Однако на все сто справиться с задачей программа не сумела. Некоторое количество слов выпало в осадок, то есть, хотя и было переведено с грехом пополам, не подлежало разумному истолкованию в контексте произведения. Такой подход, впрочем, хорошо согласуется с принципами статистического анализа, имеющего целью построение модели, объясняющей лишь определённый (желательно, высокий) процент вариации. Дескать, в том, чтобы объяснить на 100%, нет надобности, ведь часть данных, по определению, зашумлена. Так и в тексте разумно предположить какой-то процент белого шума. Фразы, которые не удалось объяснить и вставить в текст, были приведены отдельно, в приложении.
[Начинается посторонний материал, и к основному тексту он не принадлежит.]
(* Let $D\subset(0,\infty)\times\mathbb{R}$ be a nonempty open convex set of points $(v,s)$, and let $u\in C^2(D)$ with $u_s(v,s)>0$ for all $(v,s)\in D$. Define $e(v,s,\mathbf v)=u(v,s)+\tfrac12|\mathbf v|^2$ for $(v,s)\in D$, $\mathbf v\in\mathbb{R}^3$, and let $D_s=\{(v,e(v,s,\mathbf v),\mathbf v):(v,s)\in D,\ \mathbf v\in\mathbb{R}^3\}$. Let $s(v,\varepsilon,\mathbf v)$ for $(v,\varepsilon,\mathbf v)\in D_s$ be the unique value with $(v,s(v,\varepsilon,\mathbf v))\in D$ and $e(v,s(v,\varepsilon,\mathbf v),\mathbf v)=\varepsilon$. Let $\Omega=\{(\rho,\bar M,\bar E)\in(0,\infty)\times\mathbb{R}^3\times\mathbb{R}:(1/\rho,\bar E/\rho,\bar M/\rho)\in D_s\}$ and define the entropy density $$\bar S(\rho,\bar M,\bar E)=\rho\, s\!\left(\tfrac1\rho,\tfrac{\bar E}{\rho},\tfrac{\bar M}{\rho}\right),\qquad(\rho,\bar M,\bar E)\in\Omega.$$ Then: (i) the Hessian of $u$ with respect to $(v,s)$ is positive definite at every point of $D$ if and only if the $5\times5$ Hessian of $\bar S$ with respect to $(\rho,\bar M,\bar E)$ is negative definite at every point of $\Omega$; (ii) if $D_s$ is convex, then $u$ is strictly convex on $D$ if and only if $\bar S$ is strictly concave on $\Omega$ (and $u$ is convex on $D$ iff $\bar S$ is concave on $\Omega$).
   Context: $u(v,s)$ is a specific internal energy in specific volume $v$ and specific entropy $s$; $u_s=\theta>0$ is the temperature. $(\rho,\bar M,\bar E)$ are the conserved variables of the Euler equations: mass density, momentum density and total energy density. Strict concavity means $-\bar S$ is strictly convex. *)

theory Defs
  imports "HOL-Analysis.Analysis"
begin

definition frechet_D :: "('a::real_normed_vector \<Rightarrow> real) \<Rightarrow> 'a \<Rightarrow> ('a \<Rightarrow>\<^sub>L real)" where
  "frechet_D f x = (THE L. (f has_derivative blinfun_apply L) (at x))"

definition hess :: "('a::real_normed_vector \<Rightarrow> real) \<Rightarrow> 'a \<Rightarrow> ('a \<Rightarrow>\<^sub>L ('a \<Rightarrow>\<^sub>L real))" where
  "hess f x = (THE L. ((\<lambda>y. frechet_D f y) has_derivative blinfun_apply L) (at x))"
section \<open>The counterclockwise tournament\<close>

lemma central_arrangement_if_lines_through:
  assumes "finite L" "L \<noteq> {}" "\<forall>l\<in>L. line_through x l"
  obtains dir where "central_arrangement x L dir"
proof -
  define dir where "dir l = (SOME d. d \<noteq> 0 \<and> l = range (\<lambda>t. x + t *\<^sub>R d))" for l
  have dir: "dir l \<noteq> 0 \<and> l = range (\<lambda>t. x + t *\<^sub>R dir l)" if "l \<in> L" for l
  proof -
    have "\<exists>d. d \<noteq> 0 \<and> l = range (\<lambda>t. x + t *\<^sub>R d)"
      using assms(3) that unfolding line_through_def by blast
    from someI_ex[OF this] show ?thesis unfolding dir_def .
  qed
  have "central_arrangement x L dir"
  proof
    show "l = {v. cross2 (dir l) (v - x) = 0}" if "l \<in> L" for l
      using dir[OF that] line_eq_cross2_eq_0 by blast
  qed (use assms(1,2) dir in auto)
  then show ?thesis ..
qed

definition ccw_tournament :: "real^2 \<Rightarrow> (real^2 \<Rightarrow> nat) \<Rightarrow> real^2 \<Rightarrow> real^2 \<Rightarrow> bool" where
  "ccw_tournament x r p q \<longleftrightarrow>
     0 < cross2 (p - x) (q - x) \<or> (cross2 (p - x) (q - x) = 0 \<and> r p < r q)"

lemma tournament_on_ccw_tournament:
  assumes "inj_on r P"
  shows "tournament_on P (ccw_tournament x r)"
  unfolding tournament_on_def
proof (intro ballI impI)
  fix p q assume "p \<in> P" "q \<in> P" "p \<noteq> q"
  with assms have "r p \<noteq> r q" by (auto dest: inj_onD)
  with cross2_commute[of "p - x" "q - x"]
  show "ccw_tournament x r p q \<longleftrightarrow> \<not> ccw_tournament x r q p"
    by (auto simp: ccw_tournament_def)
qed

lemma out_degree_ccw_tournament_ge:
  assumes "finite P"
  shows "card {q\<in>P. 0 < cross2 (p - x) (q - x)} \<le> out_degree P (ccw_tournament x r) p"
  unfolding out_degree_def
  by (rule card_mono) (use assms in \<open>auto simp: ccw_tournament_def\<close>)

lemma in_degree_ccw_tournament_ge:
  assumes "finite P"
  shows "card {q\<in>P. 0 < cross2 (x - p) (q - x)} \<le> out_degree P (ccw_tournament x r)\<inverse>\<inverse> p"
  unfolding out_degree_def
proof (rule card_mono)
  have "cross2 (x - p) (q - x) = - cross2 (p - x) (q - x)" for q
    by (simp add: cross2_def algebra_simps)
  then show "{q\<in>P. 0 < cross2 (x - p) (q - x)} \<subseteq> {q\<in>P. q \<noteq> p \<and> (ccw_tournament x r)\<inverse>\<inverse> p q}"
    using cross2_commute[of "q - x" "p - x" for q] by (auto simp: ccw_tournament_def)
qed (use assms in simp)

lemma cyclic_triangles_subset_triangles_containing:
  assumes "inj_on r P"
  shows "cyclic_triangles P (ccw_tournament x r) \<subseteq> triangles_containing P x"
proof
  let ?R = "ccw_tournament x r"
  have tournament: "?R p q \<or> ?R q p" if "p \<in> P" "q \<in> P" "p \<noteq> q" for p q
    using tournament_on_ccw_tournament[OF assms] that unfolding tournament_on_def by blast
  \<comment> \<open>A triangle oriented cyclically by \<open>?R\<close> winds around \<open>x\<close>; the ranking rules out the
    degenerate case where all three cross products vanish.\<close>
  have hull: "x \<in> convex hull {a, b, c}" if "?R a b" "?R b c" "?R c a" for a b c
  proof (rule in_convex_hull_if_cross2_nonneg)
    show nonneg:
      "0 \<le> cross2 (a - x) (b - x)" "0 \<le> cross2 (b - x) (c - x)" "0 \<le> cross2 (c - x) (a - x)"
      using that by (auto simp: ccw_tournament_def)
    show "0 < cross2 (a - x) (b - x) + cross2 (b - x) (c - x) + cross2 (c - x) (a - x)"
    proof (rule ccontr)
      assume "\<not> ?thesis"
      with nonneg
      have "cross2 (a - x) (b - x) = 0" "cross2 (b - x) (c - x) = 0" "cross2 (c - x) (a - x) = 0"
        by linarith+
      with that have "r a < r b" "r b < r c" "r c < r a" by (auto simp: ccw_tournament_def)
      then show False by simp
    qed
  qed
  fix T assume "T \<in> cyclic_triangles P ?R"
  then have T: "T \<subseteq> P" "card T = 3" and no_source: "\<forall>s\<in>T. \<exists>q\<in>T - {s}. \<not> ?R s q"
    by (auto simp: cyclic_triangles_def)
  then obtain a b c where abc: "T = {a, b, c}" "a \<noteq> b" "b \<noteq> c" "a \<noteq> c"
    by (metis card_3_iff)
  with T(1) have P: "a \<in> P" "b \<in> P" "c \<in> P" by auto
  have no_source': "\<not> (?R s q1 \<and> ?R s q2)" if "T = {s, q1, q2}" for s q1 q2
  proof
    assume "?R s q1 \<and> ?R s q2"
    with that have "\<forall>q\<in>T - {s}. ?R s q" by blast
    moreover have "s \<in> T" using that by blast
    ultimately show False using no_source by blast
  qed
  have perms: "T = {b, a, c}" "T = {c, a, b}" using abc(1) by auto
  have "x \<in> convex hull {a, b, c}"
  proof (cases "?R a b")
    case True
    with no_source'[OF abc(1)] tournament P abc(4) have "?R c a" by blast
    with no_source'[OF perms(2)] tournament P abc(3) have "?R b c" by blast
    with \<open>?R a b\<close> \<open>?R c a\<close> show ?thesis by (intro hull)
  next
    case False
    with tournament P abc(2) have "?R b a" by blast
    with no_source'[OF perms(1)] tournament P abc(3) have "?R c b" by blast
    with no_source'[OF perms(2)] tournament P abc(4) have "?R a c" by blast
    with \<open>?R c b\<close> \<open>?R b a\<close> have "x \<in> convex hull {a, c, b}" by (intro hull)
    then show ?thesis by (simp add: insert_commute)
  qed
  then have "x \<in> convex hull T" using abc(1) by simp
  with T show "T \<in> triangles_containing P x" by (simp add: triangles_containing_def)
qed

lemma triangles_containing_subset_cyclic_triangles:
  assumes "\<forall>p\<in>P. \<forall>q\<in>P. p \<noteq> q \<longrightarrow> \<not> collinear {x, p, q}"
  shows "triangles_containing P x \<subseteq> cyclic_triangles P (ccw_tournament x r)"
proof
  fix T assume "T \<in> triangles_containing P x"
  then have T: "T \<subseteq> P" "card T = 3" "x \<in> convex hull T" by (auto simp: triangles_containing_def)
  have "\<exists>q\<in>T - {s}. \<not> ccw_tournament x r s q" if s: "s \<in> T" for s
  proof (rule ccontr)
    assume "\<not> ?thesis"
    then have source: "\<forall>q\<in>T - {s}. ccw_tournament x r s q" by blast
    from s T(2) have "card (T - {s}) = 2" by simp
    then obtain q1 q2 where q: "T - {s} = {q1, q2}" by (auto simp: card_2_iff)
    then have "T = {s, q1, q2}" "s \<noteq> q1" "s \<noteq> q2" using s by auto
    moreover have "cross2 (s - x) (q - x) \<noteq> 0" if "q \<in> T" "q \<noteq> s" for q
      using assms[rule_format, of s q] T(1) s that collinear_if_cross2_eq_0[of s x q] by auto
    ultimately have "0 < cross2 (s - x) (q1 - x)" "0 < cross2 (s - x) (q2 - x)"
      using source unfolding ccw_tournament_def by auto
    then show False using not_in_convex_hull_if_cross2_pos T(3) \<open>T = {s, q1, q2}\<close> by blast
  qed
  with T show "T \<in> cyclic_triangles P (ccw_tournament x r)" by (simp add: cyclic_triangles_def)
qed

theorem lemma16:
  fixes x :: "real^2" and L :: "(real^2) set set" and P :: "(real^2) set" and m :: nat
  assumes "m \<ge> 1"
    and "finite L" and "card L = m"
    and "\<forall>l\<in>L. line_through x l"
    and "P \<subseteq> - (\<Union>L)"
    and "\<forall>C\<in>components (- (\<Union>L)). card (P \<inter> C) = 1"
  shows "real (card (triangles_containing P x)) \<ge> real ((m + 1) * m * (m - 1)) / 3
    \<and> ((\<forall>p\<in>P. \<forall>q\<in>P. p \<noteq> q \<longrightarrow> \<not> collinear {x, p, q})
        \<longrightarrow> real (card (triangles_containing P x)) = real ((m + 1) * m * (m - 1)) / 3)"
proof -
  from assms(1-3) have "L \<noteq> {}" by auto
  with assms(2,4) obtain dir where "central_arrangement x L dir"
    using central_arrangement_if_lines_through by blast
  then interpret central_arrangement x L dir .
  have P: "P \<subseteq> off_lines" "\<forall>C\<in>components off_lines. card (P \<inter> C) = 1"
    using assms(5,6) by (simp_all add: Compl_Union_lines)
  then have "card P = 2 * m" using card_sector_representatives assms(3) by blast
  with assms(1) have "finite P" by (simp add: card_ge_0_finite)
  then obtain r :: "real^2 \<Rightarrow> nat" where r: "inj_on r P"
    using finite_imp_inj_to_nat_seg by blast
  let ?R = "ccw_tournament x r"
  have "3 * card (cyclic_triangles P ?R) = (m + 1) * m * (m - 1)"
  proof (rule card_cyclic_triangles_almost_regular[OF \<open>finite P\<close> tournament_on_ccw_tournament[OF r]
        \<open>card P = 2 * m\<close>])
    fix p assume "p \<in> P"
    then show "m - 1 \<le> out_degree P ?R p \<and> m - 1 \<le> out_degree P ?R\<inverse>\<inverse> p"
      using card_both_sides_of_representative_ge[OF P] assms(3)
        out_degree_ccw_tournament_ge[OF \<open>finite P\<close>, of p x r]
        in_degree_ccw_tournament_ge[OF \<open>finite P\<close>, of x p r]
      by fastforce
  qed
  moreover have "cyclic_triangles P ?R \<subseteq> triangles_containing P x"
    using cyclic_triangles_subset_triangles_containing[OF r] .
  moreover have "finite (triangles_containing P x)"
    using \<open>finite P\<close> by (auto simp: triangles_containing_def intro: finite_subset[of _ "Pow P"])
  ultimately show ?thesis
    using card_mono[of "triangles_containing P x" "cyclic_triangles P ?R"]
      triangles_containing_subset_cyclic_triangles[of P x r]
    by (auto simp: field_simps simp flip: of_nat_mult)
qed

end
Таким образом, читатель рассказа должен был получить как восстановленный текст руководства по эксплуатации камнедробилки, так и не подлежащий истолкованию «мусор». Предполагалось, что (умный) читатель, всматриваясь в текст приложения, должен что-то заподозрить. В нелепых, на первый взгляд, фразах ему должно было померещиться нечто осмысленное.

На этом оканчивалась первая часть. Во второй части за расшифровку текста берется специалист-филолог, скептически относящийся к возможностям автоматического анализа текстов.

Для него вдруг становится ясно, что шумовые фразы, отбракованные компьютерной программой, на самом деле чрезвычайно важны для понимания текста. «Правила пользования» — это лишь пародия, в зашифрованном виде содержащая историю любви раба к дочери одного из надсмотрщиков. Текст этот составлен самим рабом с целью обмануть начальника. Зачитывая громким голосом на разводе текст, якобы объясняющий технологию работы новой камнедробилки, надсмотрщик должен был предать ушам дочери (проживавшей в пределах досягаемости отцовского рыка) скрытый мессидж, в котором объяснялось, как она должна, в свою очередь, передать рабу орудия, необходимые для того, чтобы срезать цепи и сделать подкоп в бараке, где он содержался вместе с несчастными своими собратьями.

Вариант филолога, посрамившего автора современных компьютерных «камнедробилок», должен был венчать вторую часть. Судя по тому, что рукопись была найдена, план влюблённых удалось осуществить.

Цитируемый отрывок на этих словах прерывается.